lemma pos_eigvec_eigenspace_dim1:
  assumes S: "finite S" "S \<noteq> {}" and P: "\<forall>u\<in>S. \<forall>w\<in>S. 0 < P u w"
    and x: "\<forall>u\<in>S. 0 < x u" and xev: "\<forall>u\<in>S. mvmult S P x u = r * x u"
    and yev: "\<forall>u\<in>S. mvmult S P y u = r * y u"
  shows "\<exists>c. \<forall>u\<in>S. y u = c * x u"
proof -
  define f where "f u = y u / x u" for u
  define c where "c = Max (f ` S)"
  have "c \<in> f ` S" unfolding c_def using S by (intro Max_in) auto
  then obtain u2 where u2: "u2 \<in> S" "c = f u2" by auto
  \<comment> \<open>c x - y is a nonnegative eigenvector vanishing at u2, hence zero\<close>
  define w where "w u = c * x u - y u" for u
  have w0: "\<forall>u\<in>S. 0 \<le> w u"
  proof
    fix u assume u: "u \<in> S"
    have "f u \<le> c" unfolding c_def using S u by (intro Max_ge) auto
    thus "0 \<le> w u" using x u unfolding w_def f_def by (simp add: pos_divide_le_eq)
  qed
  have wu2: "w u2 = 0" using u2 x unfolding w_def f_def by auto
  have wev: "mvmult S P w u = r * w u" if "u \<in> S" for u
    using xev yev that unfolding w_def by (simp add: mvmult_diff mvmult_cmult algebra_simps)
  have "\<forall>u\<in>S. w u = 0"
  proof (rule ccontr)
    assume "\<not> ?thesis"
    then obtain u3 where "u3 \<in> S" "0 < w u3" using w0 by force
    hence "0 < mvmult S P w u2" by (rule mvmult_pos[OF S(1) P w0 _ _ u2(1)])
    thus False using wev[OF u2(1)] wu2 by simp
  qed
  thus ?thesis unfolding w_def by (intro exI[of _ c]) auto
qed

## WHAT IS NEEDED:
Each line between the start of the listing above and the line containing "(intro Max_ge) auto", with both ends counted, is to be set down unchanged.

## RESULT:
lemma pos_eigvec_eigenspace_dim1:
  assumes S: "finite S" "S \<noteq> {}" and P: "\<forall>u\<in>S. \<forall>w\<in>S. 0 < P u w"
    and x: "\<forall>u\<in>S. 0 < x u" and xev: "\<forall>u\<in>S. mvmult S P x u = r * x u"
    and yev: "\<forall>u\<in>S. mvmult S P y u = r * y u"
  shows "\<exists>c. \<forall>u\<in>S. y u = c * x u"
proof -
  define f where "f u = y u / x u" for u
  define c where "c = Max (f ` S)"
  have "c \<in> f ` S" unfolding c_def using S by (intro Max_in) auto
  then obtain u2 where u2: "u2 \<in> S" "c = f u2" by auto
  \<comment> \<open>c x - y is a nonnegative eigenvector vanishing at u2, hence zero\<close>
  define w where "w u = c * x u - y u" for u
  have w0: "\<forall>u\<in>S. 0 \<le> w u"
  proof
    fix u assume u: "u \<in> S"
    have "f u \<le> c" unfolding c_def using S u by (intro Max_ge) auto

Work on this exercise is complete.